そうしたなか、年頭の記者会見で岸田首相が口にし、注目されているのが「異次元の少子化対策」。深刻な課題にようやく重い腰を上げつつある政府ですが、ママたちは出産や子育てにあたって何を求めているのか。

それを確かめるべく、田中は銀座にある株式会社ランクアップへ。こちらはオリジナルブランド化粧品の開発・販売を行う会社で、社員の8割が女性で、そのうちおよそ半分がママ

病児ベビーシッター使い放題(1回300円)や1時間単位での有給取得可能など独自の福利厚生などにより、育休・産休からの復職率100%という脅威の数字を実現しています。

今回はそんな株式会社ランクアップで働くママ3人。1歳と2歳の子どもを持つ安達さん(28歳)、2歳と7歳の子どもを持つ近藤さん(41歳)、そして5歳と8歳の子どもを持つ末竹さん(42歳)に、日本の少子化対策への要望を伺うことに。

まずみなさんの口から出てきたのは、“お金”に関する要望でした。

安達さんが「出産にかかる費用を調べたとき、こんなにかかるんだと初めて知ったんですけど、その先のほうがかかっていく。教育費に関して何かしてもらえることがあればありがたいです」と希望を言えば、近藤さんは「子どもがこの先どういう進路を進んでいくのか。公立・私立どっちに行き、大学は行くのか。私たちの老後の資金も確保しなくてはいけないし、プラス子どもたちにかかるお金もみていかないといけないとなると、先々にかかるお金はきちんと把握しておかないといけないので、不安はありますね」と案じます。

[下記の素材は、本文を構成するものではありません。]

(* Let $f\in\mathcal{F}$ be a map that is not affine (i.e. not of the form $z\mapsto az+b$), let $A$ be a finite subset of $E$, let $B$ be a finite subset of $\mathbb{C}$ and let $R>0$. Then for every $\varepsilon>0$ there exists $g\in\mathcal{F}(f,A)$ such that $d_{\mathcal{F}}(f,g)<\varepsilon$ and $g^{-1}(B)\cap D(0,R)\subset E$.
   Context: $\mathcal{F}$ is a Fréchet space of entire maps containing all complex polynomial maps, whose topology is finer than the topology of local uniform convergence on $\mathbb{C}$; $(\|\cdot\|_j)_{j\ge0}$ is a sequence of seminorms defining its topology and $d_{\mathcal{F}}(f,g)=\sum_{j\ge0}2^{-j}\min\{1,\|f-g\|_j\}$. $E$ is a countable dense subset of $\mathbb{C}$. For $f\in\mathcal{F}$ and $A\subseteq\mathbb{C}$, $\mathcal{F}(f,A)=\{g\in\mathcal{F}: g|_A=f|_A \text{ and } g'|_A=f'|_A\}$. $D(0,R)$ is the open disk of radius $R$ centered at $0$. *)

theory Defs
  imports "HOL-Complex_Analysis.Complex_Analysis"
begin

definition dF :: "(nat \<Rightarrow> (complex \<Rightarrow> complex) \<Rightarrow> real) \<Rightarrow> (complex \<Rightarrow> complex) \<Rightarrow> (complex \<Rightarrow> complex) \<Rightarrow> real" where
  "dF nrm f g = (\<Sum>j. (1/2) ^ j * min 1 (nrm j (\<lambda>z. f z - g z)))"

また、末竹さんからも「子どもが何かをやりたいと選択したときに、それをやらせてあげられる準備をしないといけないとは思っているんですけど、子どもが3人目、4人目って考えるとかかる金額が膨れ上がっていくことが大きい気はしています」と不安の声が。

◆昨今話題の育休中の学び直し、そんな余裕は…

子育て支援を巡っては、国会で児童手当の所得制限を撤廃する議論が加熱しています。しかし、その恩恵を受けられるのは1割程度とも言われており、今後さらなる異次元の対策が注目されます。

子育てに関する不安や要望は他にも。近藤さんは「子どもが小さいとすぐに体調を崩したりするので、そうしたときのサポート。働きながらも子どもが見てもらえるシッターさんの制度があったりすると、すごくいいなと思います」と望みます。安達さんからは「例えば離乳食を食べてくれなかったり、どうしたら子どもが寝てくれるんだろうっていった悩みをひとりで抱え、孤独に思ってしまうことがあると思うんですけど、そういったことが共感できる場所がもっと増えていけば」との意見が。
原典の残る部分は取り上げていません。